Exhibit consists of a bunch of Javascript files that you include in your web page. At load time, this Javascript code reads in one or more JSON data files that you link from within your web page and constructs a database implemented in Javascript right inside the browser of whoever visits your web page. It then dynamically re-constructs the web page as the visitor sorts and filters through the data. . . .

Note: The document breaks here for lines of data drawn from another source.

lemma eventually_maxspan_eq_gp':
  assumes "p \<ge> 2"
  shows "\<forall>\<^sub>F m in sequentially. maxspan p m v = gp' p v"
proof -
  have v_le: "v \<le> p ^ m" if "m \<ge> v" for m
    using assms that by (rule le_power_if_le_exponent)
  have "p > 0"
    using assms by simp
  then obtain c where c: "\<forall>\<^sub>F m in sequentially. maxspan p m v = c"
    using eventually_constant_if_mono_bounded[of v "\<lambda>m. maxspan p m v" "v ^ 2"]
      maxspan_mono_dim[OF _ v_le] maxspan_le_square[OF v_le] by blast
  then have "gp' p v = c"
    unfolding gp'_def by (intro the_eventual_value) simp_all
  then show ?thesis
    using c by simp
qed

lemma gp'_ge:
  assumes "p \<ge> 2" "v \<ge> 3"
  shows "v ^ 2 \<le> 49 * gp' p v"
proof -
  have "\<forall>\<^sub>F m in sequentially. maxspan p m v = gp' p v \<and>
      (\<exists>S. S \<subseteq> verts p m \<and> card S = v \<and> v ^ 2 \<le> 49 * spanned p m S)"
    using eventually_maxspan_eq_gp' exists_dense_vertex_set assms by (intro eventually_conj)
  then obtain m S where "maxspan p m v = gp' p v" "S \<subseteq> verts p m" "card S = v"
    "v ^ 2 \<le> 49 * spanned p m S"
    unfolding eventually_sequentially by blast
  then show ?thesis
    using maxspan_ge[of S p m v] by linarith
qed

lemma gp_le:
  assumes "p \<ge> 2" "v \<ge> 3" "49 * t \<le> v ^ 2"
  shows "gp p t \<le> v"
  unfolding gp_def
proof (rule Least_le)
  show "\<forall>\<^sub>F m in sequentially. has_config p m v t"
    using exists_dense_vertex_set[OF assms(1,2)]
  proof (rule eventually_mono)
    fix m
    assume "\<exists>S. S \<subseteq> verts p m \<and> card S = v \<and> v ^ 2 \<le> 49 * spanned p m S"
    then obtain S where S: "S \<subseteq> verts p m" "card S = v" "v ^ 2 \<le> 49 * spanned p m S"
      by blast
    then have "t \<le> card {f \<in> faces p m. f \<subseteq> S}"
      using assms(3) unfolding spanned_def by linarith
    then obtain F where F: "F \<subseteq> {f \<in> faces p m. f \<subseteq> S}" "card F = t"
      by (rule obtain_subset_with_card_n)
    then have "card (\<Union>F) \<le> card S"
      using finite_subset[OF S(1) finite_verts] by (intro card_mono) auto
    then show "has_config p m v t"
      unfolding has_config_def using F S(2) by blast
  qed
qed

The advantages of Exhibit are as follows:

  • No traditional database technology involved even though Exhibit-embedding web pages appear as if they are backed by databases. So you don’t have to design any database, configure it, and maintain it. After all, if you only have a few dozens of things to publish rather than thousands, why would you spend so much effort in dealing with database technologies?
  • No server-side code required even though Exhibit-embedding web pages are heavily templated. So, there is no need to learn ASP, PHP, JSP, CGI, Velocity, etc. There is no need to worry which server-side scripting technology your hosting provider supports.
  • No need for web server if you only want to create exhibits and keep them on your own computer for your own use. They work straight from the file system.

We also provide a complementary service called Babel that lets you convert data from various sources, including tab-separated values (copied straight from spreadsheets) and Bibtex files, into formats that Exhibit understands.

The Exhibit Web site offers a growing list of helpful tutorials and some live examples of database-related “exhibits,” one of which is this U.S. Presidents’ example that shows maps, timelines, thumbnails and other nifty displays (see the actual site for the interactive displays):

You can get Exhibit today and embed it in your own Web site (more on this to come!).

To learn more about the background to this project, please see the submitted paper, Exhibit: Lightweight Structured Data Publishing, submitted to WWW, 2007, by David Huynh, Robert Miller, and David Karger.

Gentlemen, on behalf of the community, let me say, “Thanks! Most excellent work!” It’s discoveries like these that make the Internet so worthwhile.